Характерная деталь, много говорящая о напряженности обстановки последних мирных дней: когда штаб руководства учением пришел на плавбазе «Эльбрус» в Одессу, командующий войсками Одесского военного округа генерал-полковник Я. Т. Черевиченко не смог лично встретить начальника ГМШ ввиду тревожного положения на границе, не позволявшего удалиться от средств связи. А когда встреча все же состоялась, командующий войсками округа познакомил гостей с «последними фактами вторжения иностранных самолетов в советское воздушное пространство», а также «с донесениями о наблюдаемом передвижении румыно-немецких войск за Дунаем и Прутом»{171}
.Информацию о том, что угроза нападения со стороны Германии нарастает, Ф. С. Октябрьский получал постоянно и от разведывательного отдела штаба флота. Его начальник полковник Д. Б. Намгаладзе все чаще докладывал о многочисленных фактах нарушения границы немецкими военными самолетами. Буквально за несколько дней до нападения разведотдел вскрыл факт сосредоточения германских транспортов в портах Румынии. Факт, незначительный с точки зрения гражданского человека, много говорил профессиональным морякам.
Не могли не насторожить и показания перебежчика, задержанного моряками Дунайской военной флотилии и настаивавшего на том, что Германия готовится к скорой войне с СССР{172}
. Конечно, будущий противник мог и специально забросить перебежчика в целях дезинформации — такой вариант не исключался, но вкупе с другими разведсведениями показания румына выглядели убедительно. Наконец, 21 июня полковник Д. Б. Намгаладзе доложил запись открытой передачи английского радио, в которой говорилось, что нападение Германии на Советский Союз ожидается в ночь на 22 июня.Напряженность обстановки нарастала, но, по признанию члена Военного совета флота Н. М. Кулакова, «у нас недоставало данных, чтобы во всем разобраться». При этом, как он утверждал в своих воспоминаниях, командование ЧФ отнюдь не было дезориентировано известным сообщением ТАСС от 14 июня 1941 г., в котором, как известно, ширившиеся слухи о близкой войне Германии против СССР объявлялись происками британской пропаганды. «Оно [сообщение ТАСС. —
Так совпало, что именно 14 июня началось описанное выше учение ЧФ совместно с частями Одесского военного округа. О том, что никакой деморализации сообщение ТАСС не внесло и обстановка, в которой проводились учения, отличалась неослабной бдительностью, «может дать представление такая деталь: был установлен особый сигнал, означавший, что учение прерывается и флот немедленно переходит на ту степень повышенной боевой готовности, какая будет назначена… Флагманам соединений и их заместителям по политчасти, — как вспоминал Н. М. Кулаков, — говорилось прямо: не исключено, что развитие событий заставит перейти от учения к боевым действиям…

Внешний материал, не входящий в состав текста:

section \<open>Points of the torus\<close>

(* (t / 2\<pi>) \<otimes> b, with T(1) identified with the unit circle *)
definition torus_point :: "real \<Rightarrow> int^'n \<Rightarrow> complex^'n" where
  "torus_point t b = (\<chi> j. cis (t * of_int (b $ j)))"

abbreviation half_point :: "int^'n \<Rightarrow> complex^'n" where
  "half_point \<equiv> torus_point pi"

definition neg_fixed_set :: "(int^'n \<Rightarrow> int^'n) \<Rightarrow> (complex^'n) set" where
  "neg_fixed_set \<sigma> = {x \<in> torus. T_act \<sigma> x = T_neg x}"

lemma prod_cis: "(\<Prod>j\<in>A. cis (f j)) = cis (\<Sum>j\<in>A. f j)"
  by (induction A rule: infinite_finite_induct) (simp_all add: cis_mult)

lemma cis_pi_times_int: "cis (pi * of_int m) = (if even m then 1 else -1)"
proof -
  have "cis (pi * of_int m) = cis pi powi m" by (simp only: cis_power_int mult.commute)
  then show ?thesis by (simp add: power_int_minus_left)
qed

lemma T_act_cis:
  "T_act g (\<chi> j. cis (\<theta> j)) = (\<chi> i. cis (\<Sum>j\<in>UNIV. of_int (g (axis j 1) $ i) * \<theta> j))"
  by (simp add: T_act_def cis_power_int prod_cis)

lemma T_act_torus_point:
  assumes "Modules.additive g"
  shows "T_act g (torus_point t b) = torus_point t (g b)"
proof -
  have "(\<Sum>j\<in>UNIV. of_int (g (axis j 1) $ i) * (t * of_int (b $ j))) = t * of_int (g b $ i)" for i
    by (simp add: additive_vec_expansion[OF assms, of b] sum_distrib_left algebra_simps)
  then show ?thesis by (simp add: torus_point_def T_act_cis)
qed

lemma T_neg_torus_point: "T_neg (torus_point t b) = torus_point t (- b)"
  by (simp add: T_neg_def torus_point_def vec_eq_iff cis_inverse)

lemma torus_point_in_torus: "torus_point t b \<in> torus"
  by (simp add: torus_point_def torus_def)

lemma half_point_eq_iff: "half_point b = half_point c \<longleftrightarrow> (\<forall>i. even (b $ i - c $ i))"
  by (simp add: torus_point_def vec_eq_iff cis_pi_times_int) blast

lemma half_point_uminus: "half_point (- b) = half_point b"
  by (simp add: half_point_eq_iff)

lemma half_point_zero: "half_point 0 = T_one"
  by (simp add: T_one_def torus_point_def vec_eq_iff)

lemma half_point_square: "(half_point b $ i)\<^sup>2 = 1"
  by (simp add: torus_point_def cis_pi_times_int)

lemma two_torsion_half_point:
  assumes "\<forall>i. (z $ i)\<^sup>2 = (1::complex)"
  obtains d where "z = half_point d"
proof -
  have "z $ i = 1 \<or> z $ i = -1" for i
    using assms by (simp add: power2_eq_1_iff)
  then have "z = half_point (\<chi> i. if z $ i = 1 then 0 else 1)"
    by (auto simp: torus_point_def vec_eq_iff cis_pi_times_int)
  then show thesis by (rule that)
qed

lemma trivial_mod2_iff:
  assumes "Modules.additive \<sigma>"
  shows "trivial_mod2 \<sigma> \<longleftrightarrow> (\<forall>d. half_point (\<sigma> d) = half_point d)"
proof
  assume "trivial_mod2 \<sigma>"
  then show "\<forall>d. half_point (\<sigma> d) = half_point d"
    using torus_point_in_torus half_point_square
    by (metis trivial_mod2_def T_act_torus_point[OF assms])
next
  assume "\<forall>d. half_point (\<sigma> d) = half_point d"
  then show "trivial_mod2 \<sigma>"
    unfolding trivial_mod2_def
    by (metis two_torsion_half_point T_act_torus_point[OF assms])
qed

lemma half_point_is_T_marking:
  fixes \<sigma> :: "int^'n \<Rightarrow> int^'n"
  assumes "is_reflection \<sigma>" and "Modules.additive \<beta>" and \<sigma>: "\<forall>x. \<sigma> x = x + \<beta> x *s b"
  shows "is_T_marking \<sigma> (half_point b)"
proof -
  have \<sigma>_add: "Modules.additive \<sigma>" by (rule is_reflection_additive[OF assms(1)])
  have \<sigma>b: "\<sigma> b = - b"
    using reflection_pairing[OF assms] \<sigma> by (simp add: vec_eq_iff)
  \<comment> \<open>the segment from \<open>0\<close> to \<open>b \<otimes> 1/2\<close> lies in \<open>{x. \<sigma> x = -x}\<close> because \<open>\<sigma> b = -b\<close>\<close>
  define \<gamma> where "\<gamma> s = torus_point (pi * s) b" for s
  have "\<gamma> ` {0..1} \<subseteq> neg_fixed_set \<sigma>"
    by (auto simp: \<gamma>_def neg_fixed_set_def torus_point_in_torus T_act_torus_point[OF \<sigma>_add] \<sigma>b
        T_neg_torus_point)
  moreover have "connected (\<gamma> ` {0..1})"
    by (rule connected_continuous_image) (auto simp: \<gamma>_def torus_point_def intro!: continuous_intros)
  moreover have "\<gamma> 0 = T_one" "\<gamma> 1 = half_point b"
    by (simp_all add: \<gamma>_def torus_point_def T_one_def)
  ultimately have "half_point b \<in> connected_component_set (neg_fixed_set \<sigma>) T_one"
    using connected_component_maximal[of T_one "\<gamma> ` {0..1}"]
    by (metis atLeastAtMost_iff image_eqI order_refl zero_le_one subsetD)
  moreover have "trivial_mod2 \<sigma>" if "half_point b = T_one"
    using that \<sigma> by (simp add: trivial_mod2_iff[OF \<sigma>_add] half_point_eq_iff flip: half_point_zero)
  ultimately show ?thesis
    by (auto simp: is_T_marking_def neg_fixed_set_def torus_point_in_torus half_point_square)
qed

Учение продолжалось по своему плану. На западном побережье Крымского полуострова был высажен десант. Хорошо показали себя морские летчики, подводники. Адмирал Исаков дал высокую оценку действиям кораблей и высадившейся дивизии. 18 июня учение закончилось, и корабли стали возвращаться в Севастополь. Разбор маневров планировался на 23 июня. Адмирал Исаков объявил, что задерживаться не может, и, поручив проведение разбора Военному совету флота, отбыл в Москву».
Возможно, кто-то из моряков и надеялся хотя бы на небольшую передышку, как это обычно бывает у людей, хорошо потрудившихся и честно выполнивших немалую работу. Однако Ф. С. Октябрьский, проконсультировавшись с наркомом и ГМШ, сохранил оперативную готовность № 2. А на следующий день из Москвы поступила директива наркома Кузнецова о введении такой степени готовности на всех флотах.
Субботний вечер 21 июня внешне мало отличался от обычного, предвыходного. Личному составу кораблей, свободному от вахты, были предоставлены отдых и увольнение на берег. «Выходов кораблей на боевую подготовку на следующий день не планировалось. В Доме флота давали концерт артисты московской эстрады…»{174}
Так начиналась война
Филипп Сергеевич Октябрьский оставался в служебном кабинете. С полным напряжением функционировали и дежурные структуры штаба флота.
Тревожное ожидание не обмануло. Примерно в 01.00 ночи Октябрьский получил телеграмму наркома ВМФ СССР о переводе флота на повышенную оперативную готовность. Краткий разговор с адмиралом Н. Г. Кузнецовым состоялся и по телефону.